__TRY IT__:
Look over the lines below. Report each one that includes the string "dots".
○ ○ ○
lemma nn_integral_lborel_split_axis:
  fixes p :: "'n::finite" and F :: "real^'n \<Rightarrow> ennreal"
  assumes [measurable]: "F \<in> borel_measurable borel"
  shows "(\<integral>\<^sup>+x. F x \<partial>lborel) =
    (\<integral>\<^sup>+g. (\<integral>\<^sup>+t. F ((\<Sum>b\<in>Basis-{axis p 1}. g b *\<^sub>R b) + t *\<^sub>R axis p 1) \<partial>lborel)
      \<partial>(\<Pi>\<^sub>M b\<in>Basis-{axis p 1}. (lborel::real measure)))"
proof -
  interpret P: product_sigma_finite "\<lambda>_::real^'n. lborel::real measure"
    by standard
  have Basis_eq: "Basis = insert (axis p 1) (Basis - {axis p (1::real)})"
    by (auto simp: Basis_vec_def)
  have sum_upd: "(\<Sum>b\<in>Basis. (g(axis p 1 := t)) b *\<^sub>R b)
      = (\<Sum>b\<in>Basis-{axis p 1}. g b *\<^sub>R b) + t *\<^sub>R axis p 1" for g :: "real^'n \<Rightarrow> real" and t
  proof -
    have "(\<Sum>b\<in>Basis. (g(axis p 1 := t)) b *\<^sub>R b)
        = t *\<^sub>R axis p 1 + (\<Sum>b\<in>Basis-{axis p 1}. (g(axis p 1 := t)) b *\<^sub>R b)"
      by (subst sum.remove[of _ "axis p 1"]) (auto simp: Basis_vec_def)
    also have "\<dots> = t *\<^sub>R axis p 1 + (\<Sum>b\<in>Basis-{axis p 1}. g b *\<^sub>R b)"
      by (auto intro!: sum.cong)
    finally show ?thesis by simp
  qed
  have "(\<integral>\<^sup>+x. F x \<partial>(lborel::(real^'n) measure)) =
      (\<integral>\<^sup>+g. F (\<Sum>b\<in>Basis. g b *\<^sub>R b) \<partial>(\<Pi>\<^sub>M b\<in>Basis. (lborel::real measure)))"
    by (subst lborel_eq[where 'a="real^'n"]) (simp add: nn_integral_distr)
  also have "\<dots> = (\<integral>\<^sup>+g. F (\<Sum>b\<in>Basis. g b *\<^sub>R b)
      \<partial>(\<Pi>\<^sub>M b\<in>insert (axis p 1) (Basis - {axis p (1::real)}). (lborel::real measure)))"
    using Basis_eq by simp
  also have "\<dots> = (\<integral>\<^sup>+g. (\<integral>\<^sup>+t. F (\<Sum>b\<in>Basis. (g(axis p 1 := t)) b *\<^sub>R b) \<partial>lborel)
      \<partial>(\<Pi>\<^sub>M b\<in>Basis-{axis p 1}. (lborel::real measure)))"
    by (subst P.product_nn_integral_insert) simp_all
  finally show ?thesis
    by (simp only: sum_upd)
qed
○ ○ ○
__OUTPUT OF THE TASK__:
    also have "\<dots> = t *\<^sub>R axis p 1 + (\<Sum>b\<in>Basis-{axis p 1}. g b *\<^sub>R b)"
  also have "\<dots> = (\<integral>\<^sup>+g. F (\<Sum>b\<in>Basis. g b *\<^sub>R b)
  also have "\<dots> = (\<integral>\<^sup>+g. (\<integral>\<^sup>+t. F (\<Sum>b\<in>Basis. (g(axis p 1 := t)) b *\<^sub>R b) \<partial>lborel)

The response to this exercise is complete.